(EXERCISE DATA begins)
(* Let $\alpha\in[0,n)$ and $T>0$. There is $C>0$ (depending on $n,\alpha,T$) such that $t^\alpha P_t(x)\le C\,\mathscr{J}_\alpha(P_t)(x)$ for all $x\in\mathbb{R}^n$ and $0<t\le T$. Consequently, for every $p\in[1,\infty]$ and nonnegative $g\in L^p(\mathbb{R}^n)$, $t^\alpha(P_t*g)(x)\le C\,(P_t*\mathscr{J}_\alpha g)(x)$ for all $x\in\mathbb{R}^n$ and $0<t\le T$.
   Context: $P_t(x)=\frac{c_nt}{(t^2+|x|^2)^{(n+1)/2}}$ is the Poisson kernel on $\mathbb{R}^n$ ($c_n$ normalising $\int P_t=1$). $\mathscr{J}_\alpha g=G_\alpha*g$ for $\alpha>0$, where $\widehat{G_\alpha}(\xi)=(1+4\pi^2|\xi|^2)^{-\alpha/2}$, and $\mathscr{J}_0$ is the identity. *)

theory Defs
  imports "HOL-Analysis.Analysis"
begin

definition fourier :: "('a::euclidean_space \<Rightarrow> real) \<Rightarrow> 'a \<Rightarrow> complex" where
  "fourier f \<xi> = (LINT x|lborel. complex_of_real (f x) * cis (- 2 * pi * (x \<bullet> \<xi>)))"

text \<open>Bessel kernel \<open>G_\<alpha>\<close> (\<alpha> > 0): the integrable function whose Fourier transform is
  \<open>(1 + 4\<pi>^2 |\<xi>|^2)^{-\<alpha>/2}\<close> (determined up to a null set, which does not affect convolutions).\<close>
definition bessel_kernel :: "real \<Rightarrow> 'a::euclidean_space \<Rightarrow> real" where
  "bessel_kernel \<alpha> = (SOME G. G \<in> borel_measurable lborel \<and> integrable lborel G \<and>
      (\<forall>\<xi>. fourier G \<xi> = complex_of_real ((1 + 4 * pi\<^sup>2 * (norm \<xi>)\<^sup>2) powr (- \<alpha> / 2))))"

definition conv :: "('a::euclidean_space \<Rightarrow> real) \<Rightarrow> ('a \<Rightarrow> real) \<Rightarrow> 'a \<Rightarrow> real" where
  "conv f g x = (LINT y|lborel. f y * g (x - y))"

definition bessel_pot :: "real \<Rightarrow> ('a::euclidean_space \<Rightarrow> real) \<Rightarrow> 'a \<Rightarrow> real" where
  "bessel_pot \<alpha> g = (if \<alpha> = 0 then g else conv (bessel_kernel \<alpha>) g)"

definition poisson_shape :: "real \<Rightarrow> 'a::euclidean_space \<Rightarrow> real" where
  "poisson_shape t x = t / (t\<^sup>2 + (norm x)\<^sup>2) powr ((real DIM('a) + 1) / 2)"

definition poisson_const :: "'a::euclidean_space itself \<Rightarrow> real" where
  "poisson_const _ = inverse (LINT x|lborel. poisson_shape 1 (x::'a))"

definition poisson :: "real \<Rightarrow> 'a::euclidean_space \<Rightarrow> real" where
  "poisson t x = poisson_const TYPE('a) * poisson_shape t x"

end

theory Submission
  imports Defs "HOL-Probability.Probability"
begin

text \<open>
  For \<open>0 < \<alpha>\<close> the Bessel kernel is a superposition of heat kernels (Bochner subordination):
  \<open>G_\<alpha>(y) = \<integral>\<^sub>0\<^sup>\<infinity> u^(\<alpha>/2 - 1) e^(-u) / \<Gamma>(\<alpha>/2) (4\<pi>u)^(-n/2) e^(-|y|^2/4u) du\<close>, since
  \<open>(1 + 4\<pi>^2|\<xi>|^2)^(-\<alpha>/2)\<close> is the corresponding Gamma integral of the Fourier transforms
  \<open>e^(-4\<pi>^2 u |\<xi>|^2)\<close> of the heat kernels. Keeping only \<open>u \<in> [t^2, 2t^2]\<close> gives
  \<open>G_\<alpha>(y) \<ge> c t^(\<alpha> - n)\<close> for \<open>|y| \<le> t \<le> T\<close>, and for such \<open>y\<close> also
  \<open>P_t(x - y) \<ge> 3^(-(n+1)/2) P_t(x)\<close>; integrating over the ball of radius \<open>t\<close> yields
  \<open>(G_\<alpha> * P_t)(x) \<ge> c' t^\<alpha> P_t(x)\<close>. The kernel \<^const>\<open>bessel_kernel\<close> is only specified
  through its Fourier transform, so one also needs that integrable kernels with equal Fourier transforms
  have equal convolutions with \<open>P_t\<close>: \<open>P_t\<close> is a Gamma average of Gaussians, and against a
  Gaussian this follows from Gaussian Fourier inversion and Fubini.

  The estimate for \<open>g\<close> follows from \<open>P_t * (G_\<alpha> * g) = (G_\<alpha> * P_t) * g\<close>; Fubini applies
  because \<open>P_t\<close> is bounded and integrable and \<open>g\<close> lies in some \<open>L^p\<close> or in \<open>L^\<infinity>\<close>.
\<close>

section \<open>Gamma weights and Gaussian integrals\<close>

lemma borel_measurable_cis [measurable]:
  assumes "f \<in> borel_measurable M"
  shows "(\<lambda>x. cis (f x)) \<in> borel_measurable M"
proof -
  have "cis \<in> borel_measurable borel"
    by (rule borel_measurable_continuous_onI) (simp add: cis_conv_exp continuous_intros)
  from measurable_compose[OF assms this] show ?thesis by (simp add: o_def)
qed

definition gamma_weight :: "real \<Rightarrow> real \<Rightarrow> real \<Rightarrow> real" where
  "gamma_weight s l u = indicator {0<..} u * u powr (s - 1) * exp (- l * u)"

lemma gamma_weight_nonneg: "0 \<le> gamma_weight s l u"
  by (simp add: gamma_weight_def)

lemma borel_measurable_gamma_weight [measurable]: "gamma_weight s l \<in> borel_measurable borel"
  unfolding gamma_weight_def[abs_def] by measurable

lemma gamma_weight_mult_exp: "gamma_weight s l u * exp (- m * u) = gamma_weight s (l + m) u"
  by (simp add: gamma_weight_def mult.assoc flip: exp_add) (simp add: algebra_simps)

lemma nn_integral_gamma_weight:
  assumes s: "s > 0" and l: "l > 0"
  shows "(\<integral>\<^sup>+u. gamma_weight s l u \<partial>lborel) = ennreal (Gamma s / l powr s)"
proof -
  define f where "f v = ennreal (indicator {0..} v * v powr (s - 1) / exp v)" for v :: real
  have [measurable]: "f \<in> borel_measurable borel"
    unfolding f_def by measurable
  have rescale: "f (l * u) = ennreal (l powr (s - 1)) * gamma_weight s l u" for u
  proof (cases "u > 0")
    case True
    then show ?thesis using l
      by (simp add: f_def gamma_weight_def ennreal_mult'[symmetric] powr_mult exp_minus field_simps)
  next
    case False
    with l have "l * u \<le> 0" by (simp add: mult_nonneg_nonpos)
    with False show ?thesis
      by (cases "u = 0") (auto simp: f_def gamma_weight_def)
  qed
  have "ennreal (Gamma s) = (\<integral>\<^sup>+v. f v \<partial>lborel)"
    using Gamma_conv_nn_integral_real[OF s] by (simp add: f_def)
  also have "\<dots> = ennreal l * (\<integral>\<^sup>+u. f (0 + l * u) \<partial>lborel)"
    using l by (subst nn_integral_real_affine[of f l 0]) auto
  also have "\<dots> = ennreal l * (\<integral>\<^sup>+u. ennreal (l powr (s - 1)) * gamma_weight s l u \<partial>lborel)"
    by (simp add: rescale)
  also have "\<dots> = ennreal (l * l powr (s - 1)) * (\<integral>\<^sup>+u. gamma_weight s l u \<partial>lborel)"
    using l by (simp add: nn_integral_cmult ennreal_mult' mult.assoc)
  also have "l * l powr (s - 1) = l powr s"
    using l by (simp add: powr_diff)
  finally have Gamma_eq: "ennreal (Gamma s) = (\<integral>\<^sup>+u. gamma_weight s l u \<partial>lborel) * ennreal (l powr s)"
    by (simp add: mult.commute)
  have "ennreal (Gamma s / l powr s) = ennreal (Gamma s) / ennreal (l powr s)"
    using l s by (simp add: divide_ennreal less_imp_le)
  also have "\<dots> = (\<integral>\<^sup>+u. gamma_weight s l u \<partial>lborel)"
    unfolding Gamma_eq using l by (intro ennreal_mult_divide_eq) auto
  finally show ?thesis ..
qed

lemma has_bochner_integral_gamma_weight:
  assumes "s > 0" "l > 0"
  shows "has_bochner_integral lborel (gamma_weight s l) (Gamma s / l powr s)"
  using assms by (intro has_bochner_integral_nn_integral nn_integral_gamma_weight)
    (auto simp: gamma_weight_nonneg less_imp_le)

lemma integrable_gamma_weight: "s > 0 \<Longrightarrow> l > 0 \<Longrightarrow> integrable lborel (gamma_weight s l)"
  using has_bochner_integral_gamma_weight by (auto simp: has_bochner_integral_iff)

lemma integral_gamma_weight:
  "s > 0 \<Longrightarrow> l > 0 \<Longrightarrow> (LINT u|lborel. gamma_weight s l u) = Gamma s / l powr s"
  using has_bochner_integral_gamma_weight by (auto simp: has_bochner_integral_iff)
lemma norm_inner_vector_le_K_Psi:
  fixes f :: "'n::finite \<Rightarrow> 'h::real_inner"
  shows "norm (\<chi> i. inner (f i) Q) \<le> sqrt (spec_norm (K_Psi f)) * norm Q"
proof -
  define v :: "real^'n" where "v = (\<chi> i. inner (f i) Q)"
  define S where "S = sqrt (spec_norm (K_Psi f))"
  have "(norm v)\<^sup>2 = inner (\<Sum>i\<in>UNIV. v$i *\<^sub>R f i) Q"
    unfolding power2_norm_eq_inner
    by (simp add: inner_sum_left inner_vec_def v_def power2_eq_square)
  also have "\<dots> \<le> norm (\<Sum>i\<in>UNIV. v$i *\<^sub>R f i) * norm Q" by (rule norm_cauchy_schwarz)
  also have "\<dots> \<le> S * norm v * norm Q"
    by (rule mult_right_mono) (simp_all add: S_def norm_sum_scaleR_le_K_Psi)
  finally have "norm v * norm v \<le> norm v * (S * norm Q)"
    by (simp add: power2_eq_square mult_ac)
  moreover have "0 \<le> S * norm Q" by (simp add: S_def spec_norm_nonneg)
  ultimately show ?thesis
    unfolding v_def[symmetric] S_def[symmetric]
    by (cases "norm v = 0") (simp_all add: mult_le_cancel_left)
qed

lemma INF_diff_approx:
  fixes f1 f2 :: "'a \<Rightarrow> real"
  assumes "bdd_below (range f1)" and "bdd_below (range f2)" and "0 < \<epsilon>"
  shows "\<exists>a. \<bar>(INF a. f1 a) - (INF a. f2 a)\<bar> \<le> \<bar>f1 a - f2 a\<bar> + \<epsilon>"
proof -
  have approx: "\<exists>a. h a < (INF a. h a) + \<epsilon>" if "bdd_below (range h)" for h :: "'a \<Rightarrow> real"
    using cINF_less_iff[of UNIV h "(INF a. h a) + \<epsilon>"] that \<open>0 < \<epsilon>\<close> by auto
  show ?thesis
  proof (cases "(INF a. f2 a) \<le> (INF a. f1 a)")
    case True
    obtain a where "f2 a < (INF a. f2 a) + \<epsilon>" using approx assms(2) by blast
    moreover have "(INF a. f1 a) \<le> f1 a" using assms(1) by (simp add: cINF_lower)
    ultimately show ?thesis using True by (intro exI[of _ a]) linarith
  next
    case False
    obtain a where "f1 a < (INF a. f1 a) + \<epsilon>" using approx assms(1) by blast
    moreover have "(INF a. f2 a) \<le> f2 a" using assms(2) by (simp add: cINF_lower)
    ultimately show ?thesis using False by (intro exI[of _ a]) linarith
  qed
qed

lemma policy_approx_INF_diff:
  fixes f1 f2 :: "'s \<Rightarrow> 'a \<Rightarrow> real"
  assumes "\<And>x. x \<in> S \<Longrightarrow> bdd_below (range (f1 x))"
    and "\<And>x. x \<in> S \<Longrightarrow> bdd_below (range (f2 x))" and "0 < \<epsilon>"
  shows "\<exists>mu. \<forall>x\<in>S. \<bar>(INF a. f1 x a) - (INF a. f2 x a)\<bar> \<le> \<bar>f1 x (mu x) - f2 x (mu x)\<bar> + \<epsilon>"
  using assms by (intro bchoice ballI INF_diff_approx) auto

lemma norm_le_componentwise_plus_const:
  fixes d v :: "real^'n" and \<epsilon> :: real
  assumes "\<And>i. \<bar>d$i\<bar> \<le> \<bar>v$i\<bar> + \<epsilon>" and "0 \<le> \<epsilon>"
  shows "norm d \<le> norm v + CARD('n) * \<epsilon>"
proof -
  have "norm d \<le> norm ((\<chi> i. \<bar>v$i\<bar>) + (\<chi> i. \<epsilon>))"
    by (rule norm_le_componentwise_cart) (use assms in simp)
  also have "\<dots> \<le> norm (\<chi> i. \<bar>v$i\<bar>) + norm ((\<chi> i. \<epsilon>) :: real^'n)"
    by (rule norm_triangle_ineq)
  also have "norm (\<chi> i. \<bar>v$i\<bar>) \<le> norm v"
    by (rule norm_le_componentwise_cart) simp
  also have "norm ((\<chi> i. \<epsilon>) :: real^'n) \<le> CARD('n) * \<epsilon>"
    using norm_le_l1_cart[of "(\<chi> i. \<epsilon>) :: real^'n"] assms(2) by simp
  finally show ?thesis by simp
qed

lemma rkhs_ev_diff:
  assumes "is_rkhs ev phi"
  shows "ev Q1 z - ev Q2 z = ev (Q1 - Q2) z"
  using assms by (simp add: is_rkhs_def inner_diff_right)

definition sqrt_sup_K_av :: "('s \<times> 'a \<Rightarrow> 'h::real_inner) \<Rightarrow> ('n::finite \<Rightarrow> 's) \<Rightarrow> ereal" where
  "sqrt_sup_K_av phi s = (SUP mu. ereal (sqrt (spec_norm (K_av phi s mu))))"

lemma beta_eq: "beta phi \<alpha> s psi = ereal \<alpha> * ereal (sqrt (spec_norm (K_Psi psi))) * sqrt_sup_K_av phi s"
  by (simp add: beta_def sqrt_sup_K_av_def)

lemma norm_samples_le_sqrt_sup_K_av:
  assumes "is_rkhs ev phi"
  shows "ereal (norm (\<chi> i. ev Q (s i, mu (s i)))) \<le> sqrt_sup_K_av phi s * ereal (norm Q)"
proof -
  have "ereal (norm (\<chi> i. ev Q (s i, mu (s i)))) \<le> ereal (sqrt (spec_norm (K_av phi s mu))) * ereal (norm Q)"
    using assms norm_inner_vector_le_K_Psi[of "\<lambda>i. phi (s i, mu (s i))" Q]
    by (simp add: is_rkhs_def K_av_eq_K_Psi)
  also have "\<dots> \<le> sqrt_sup_K_av phi s * ereal (norm Q)"
    unfolding sqrt_sup_K_av_def by (intro ereal_mult_right_mono SUP_upper) simp_all
  finally show ?thesis .
qed

lemma norm_INF_diffs_le_sqrt_sup_K_av:
  fixes s :: "'n::finite \<Rightarrow> 's"
  assumes "is_rkhs ev phi" and bdd: "\<forall>Q i. bdd_below (range (\<lambda>a. ev Q (s i, a)))"
  shows "ereal (norm (\<chi> i. (INF a. ev Q1 (s i, a)) - (INF a. ev Q2 (s i, a))))
    \<le> sqrt_sup_K_av phi s * ereal (norm (Q1 - Q2))"
proof (rule ereal_le_epsilon2)
  fix e :: real
  assume "0 < e"
  define \<epsilon> where "\<epsilon> = e / (CARD('n) + 1)"
  have "0 < \<epsilon>" and "CARD('n) * \<epsilon> \<le> e"
    using \<open>0 < e\<close> by (simp_all add: \<epsilon>_def field_simps)
  have "\<exists>mu. \<forall>x\<in>range s. \<bar>(INF a. ev Q1 (x, a)) - (INF a. ev Q2 (x, a))\<bar>
      \<le> \<bar>ev Q1 (x, mu x) - ev Q2 (x, mu x)\<bar> + \<epsilon>"
    by (rule policy_approx_INF_diff) (use bdd \<open>0 < \<epsilon>\<close> in auto)
  then obtain mu where mu: "\<forall>x\<in>range s. \<bar>(INF a. ev Q1 (x, a)) - (INF a. ev Q2 (x, a))\<bar>
      \<le> \<bar>ev Q1 (x, mu x) - ev Q2 (x, mu x)\<bar> + \<epsilon>" ..
  let ?v = "\<chi> i. ev (Q1 - Q2) (s i, mu (s i))"
  have "norm (\<chi> i. (INF a. ev Q1 (s i, a)) - (INF a. ev Q2 (s i, a))) \<le> norm ?v + CARD('n) * \<epsilon>"
    using mu \<open>0 < \<epsilon>\<close>
    by (intro norm_le_componentwise_plus_const) (simp_all add: rkhs_ev_diff[OF assms(1)])
  then have "ereal (norm (\<chi> i. (INF a. ev Q1 (s i, a)) - (INF a. ev Q2 (s i, a))))
      \<le> ereal (norm ?v) + ereal e"
    using \<open>CARD('n) * \<epsilon> \<le> e\<close> by simp
  also have "\<dots> \<le> sqrt_sup_K_av phi s * ereal (norm (Q1 - Q2)) + ereal e"
    by (intro add_right_mono norm_samples_le_sqrt_sup_K_av assms(1))
  finally show "ereal (norm (\<chi> i. (INF a. ev Q1 (s i, a)) - (INF a. ev Q2 (s i, a))))
      \<le> sqrt_sup_K_av phi s * ereal (norm (Q1 - Q2)) + ereal e" .
qed

lemma T_mu_diff:
  assumes "is_rkhs ev phi"
  shows "T_mu ev g \<alpha> s psi mu Q1 - T_mu ev g \<alpha> s psi mu Q2
    = \<alpha> *\<^sub>R (\<Sum>i\<in>UNIV. (\<chi> i. ev (Q1 - Q2) (s i, mu (s i)))$i *\<^sub>R psi i)"
  by (simp add: T_mu_def rkhs_ev_diff[OF assms, symmetric] scaleR_diff_right[symmetric]
      sum_subtractf[symmetric] scaleR_diff_left[symmetric])

lemma T_bell_diff:
  "T_bell ev g \<alpha> s psi Q1 - T_bell ev g \<alpha> s psi Q2
    = \<alpha> *\<^sub>R (\<Sum>i\<in>UNIV. (\<chi> i. (INF a. ev Q1 (s i, a)) - (INF a. ev Q2 (s i, a)))$i *\<^sub>R psi i)"
  by (simp add: T_bell_def scaleR_diff_right[symmetric]
      sum_subtractf[symmetric] scaleR_diff_left[symmetric])

lemma norm_scaled_combination_le:
  fixes psi :: "'n::finite \<Rightarrow> 'h::real_inner" and c :: "real^'n"
  assumes "ereal (norm c) \<le> B * ereal q" and "0 \<le> \<alpha>"
  shows "ereal (norm (\<alpha> *\<^sub>R (\<Sum>i\<in>UNIV. c$i *\<^sub>R psi i)))
     \<le> ereal \<alpha> * ereal (sqrt (spec_norm (K_Psi psi))) * B * ereal q"
proof -
  define P where "P = sqrt (spec_norm (K_Psi psi))"
  have "norm (\<alpha> *\<^sub>R (\<Sum>i\<in>UNIV. c$i *\<^sub>R psi i)) \<le> \<alpha> * (P * norm c)"
    using norm_sum_scaleR_le_K_Psi[where f = psi and c = c] assms(2)
    by (simp add: P_def mult_left_mono)
  then have "ereal (norm (\<alpha> *\<^sub>R (\<Sum>i\<in>UNIV. c$i *\<^sub>R psi i))) \<le> ereal (\<alpha> * P) * ereal (norm c)"
    by (simp add: mult_ac)
  also have "\<dots> \<le> ereal (\<alpha> * P) * (B * ereal q)"
    using assms by (intro ereal_mult_left_mono) (simp_all add: P_def spec_norm_nonneg)
  finally show ?thesis by (simp add: P_def mult_ac)
qed

theorem theorem2:
  fixes ev :: "'h::{real_inner,complete_space} \<Rightarrow> 's \<times> 'a \<Rightarrow> real"
    and phi :: "'s \<times> 'a \<Rightarrow> 'h"
    and g :: 'h and \<alpha> :: real
    and s :: "'n::finite \<Rightarrow> 's" and psi :: "'n \<Rightarrow> 'h"
  assumes "is_rkhs ev phi"
    and "\<alpha> > 0"
    and "\<forall>Q i. bdd_below (range (\<lambda>a. ev Q (s i, a)))"
  shows "\<forall>Q1 Q2 mu.
     ereal (norm (T_mu ev g \<alpha> s psi mu Q1 - T_mu ev g \<alpha> s psi mu Q2))
        \<le> beta phi \<alpha> s psi * ereal (norm (Q1 - Q2))
   \<and> ereal (norm (T_bell ev g \<alpha> s psi Q1 - T_bell ev g \<alpha> s psi Q2))
        \<le> beta phi \<alpha> s psi * ereal (norm (Q1 - Q2))"
proof (intro allI conjI)
  fix Q1 Q2 :: 'h and mu :: "'s \<Rightarrow> 'a"
  have "0 \<le> \<alpha>" using assms(2) by simp
  show "ereal (norm (T_mu ev g \<alpha> s psi mu Q1 - T_mu ev g \<alpha> s psi mu Q2))
      \<le> beta phi \<alpha> s psi * ereal (norm (Q1 - Q2))"
    unfolding T_mu_diff[OF assms(1)] beta_eq
    by (intro norm_scaled_combination_le norm_samples_le_sqrt_sup_K_av assms(1) \<open>0 \<le> \<alpha>\<close>)
  show "ereal (norm (T_bell ev g \<alpha> s psi Q1 - T_bell ev g \<alpha> s psi Q2))
      \<le> beta phi \<alpha> s psi * ereal (norm (Q1 - Q2))"
    unfolding T_bell_diff beta_eq
    by (intro norm_scaled_combination_le norm_INF_diffs_le_sqrt_sup_K_av assms(1,3) \<open>0 \<le> \<alpha>\<close>)
qed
(EXERCISE DATA ends)
- **TASK DETAILS**:
Transcribe the listing above line for line, from the first line to the line containing "lborel G \<and>", inclusive, with no other lines.

- **SOLUTION FOR THIS TASK**:
(* Let $\alpha\in[0,n)$ and $T>0$. There is $C>0$ (depending on $n,\alpha,T$) such that $t^\alpha P_t(x)\le C\,\mathscr{J}_\alpha(P_t)(x)$ for all $x\in\mathbb{R}^n$ and $0<t\le T$. Consequently, for every $p\in[1,\infty]$ and nonnegative $g\in L^p(\mathbb{R}^n)$, $t^\alpha(P_t*g)(x)\le C\,(P_t*\mathscr{J}_\alpha g)(x)$ for all $x\in\mathbb{R}^n$ and $0<t\le T$.
   Context: $P_t(x)=\frac{c_nt}{(t^2+|x|^2)^{(n+1)/2}}$ is the Poisson kernel on $\mathbb{R}^n$ ($c_n$ normalising $\int P_t=1$). $\mathscr{J}_\alpha g=G_\alpha*g$ for $\alpha>0$, where $\widehat{G_\alpha}(\xi)=(1+4\pi^2|\xi|^2)^{-\alpha/2}$, and $\mathscr{J}_0$ is the identity. *)

theory Defs
  imports "HOL-Analysis.Analysis"
begin

definition fourier :: "('a::euclidean_space \<Rightarrow> real) \<Rightarrow> 'a \<Rightarrow> complex" where
  "fourier f \<xi> = (LINT x|lborel. complex_of_real (f x) * cis (- 2 * pi * (x \<bullet> \<xi>)))"

text \<open>Bessel kernel \<open>G_\<alpha>\<close> (\<alpha> > 0): the integrable function whose Fourier transform is
  \<open>(1 + 4\<pi>^2 |\<xi>|^2)^{-\<alpha>/2}\<close> (determined up to a null set, which does not affect convolutions).\<close>
definition bessel_kernel :: "real \<Rightarrow> 'a::euclidean_space \<Rightarrow> real" where
  "bessel_kernel \<alpha> = (SOME G. G \<in> borel_measurable lborel \<and> integrable lborel G \<and>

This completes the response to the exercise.